> **Work task**
Filter the entries for the word "last". Copy each line in which it occurs.
Recorded information START
(* Every tree of diameter $5$ is odd-graceful.
   Context: A graph $G$ with $n$ edges is odd-graceful if there is an injective map $f:V(G)\to\{0,1,2,\dots,2n-1\}$ such that the set of induced edge weights $\{|f(x)-f(y)| : xy\in E(G)\}$ equals $\{1,3,5,\dots,2n-1\}$. *)

theory Defs
  imports Main
begin

definition simple_graph :: "'a set \<Rightarrow> 'a set set \<Rightarrow> bool" where
  "simple_graph V E \<longleftrightarrow> finite V \<and> (\<forall>e\<in>E. e \<subseteq> V \<and> card e = 2)"

definition is_walk :: "'a set \<Rightarrow> 'a set set \<Rightarrow> 'a list \<Rightarrow> bool" where
  "is_walk V E xs \<longleftrightarrow> xs \<noteq> [] \<and> set xs \<subseteq> V \<and>
     (\<forall>i. Suc i < length xs \<longrightarrow> {xs ! i, xs ! Suc i} \<in> E)"

definition connected_graph :: "'a set \<Rightarrow> 'a set set \<Rightarrow> bool" where
  "connected_graph V E \<longleftrightarrow> V \<noteq> {} \<and>
     (\<forall>u\<in>V. \<forall>v\<in>V. \<exists>xs. is_walk V E xs \<and> hd xs = u \<and> last xs = v)"

definition is_cycle :: "'a set \<Rightarrow> 'a set set \<Rightarrow> 'a list \<Rightarrow> bool" where
  "is_cycle V E xs \<longleftrightarrow> length xs \<ge> 3 \<and> distinct xs \<and> is_walk V E xs \<and>
     {last xs, hd xs} \<in> E"

definition acyclic_graph :: "'a set \<Rightarrow> 'a set set \<Rightarrow> bool" where
  "acyclic_graph V E \<longleftrightarrow> \<not> (\<exists>xs. is_cycle V E xs)"

definition is_tree :: "'a set \<Rightarrow> 'a set set \<Rightarrow> bool" where
  "is_tree V E \<longleftrightarrow> simple_graph V E \<and> connected_graph V E \<and> acyclic_graph V E"

definition graph_dist :: "'a set \<Rightarrow> 'a set set \<Rightarrow> 'a \<Rightarrow> 'a \<Rightarrow> nat" where
  "graph_dist V E u v = (LEAST n. \<exists>xs. is_walk V E xs \<and> hd xs = u \<and> last xs = v
                                       \<and> length xs = Suc n)"

definition diameter :: "'a set \<Rightarrow> 'a set set \<Rightarrow> nat" where
  "diameter V E = Max {graph_dist V E u v | u v. u \<in> V \<and> v \<in> V}"

definition odd_graceful :: "'a set \<Rightarrow> 'a set set \<Rightarrow> bool" where
  "odd_graceful V E \<longleftrightarrow>
     (\<exists>f :: 'a \<Rightarrow> nat. inj_on f V \<and> f ` V \<subseteq> {0 ..< 2 * card E} \<and>
        {nat \<bar>int (f x) - int (f y)\<bar> | x y. {x, y} \<in> E}
          = {2 * k + 1 | k. k < card E})"

end

theory Submission
  imports Defs "HOL-Library.Product_Lexorder"
begin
Recorded information END
> **Response to this exercise**
     (\<forall>u\<in>V. \<forall>v\<in>V. \<exists>xs. is_walk V E xs \<and> hd xs = u \<and> last xs = v)"
     {last xs, hd xs} \<in> E"
  "graph_dist V E u v = (LEAST n. \<exists>xs. is_walk V E xs \<and> hd xs = u \<and> last xs = v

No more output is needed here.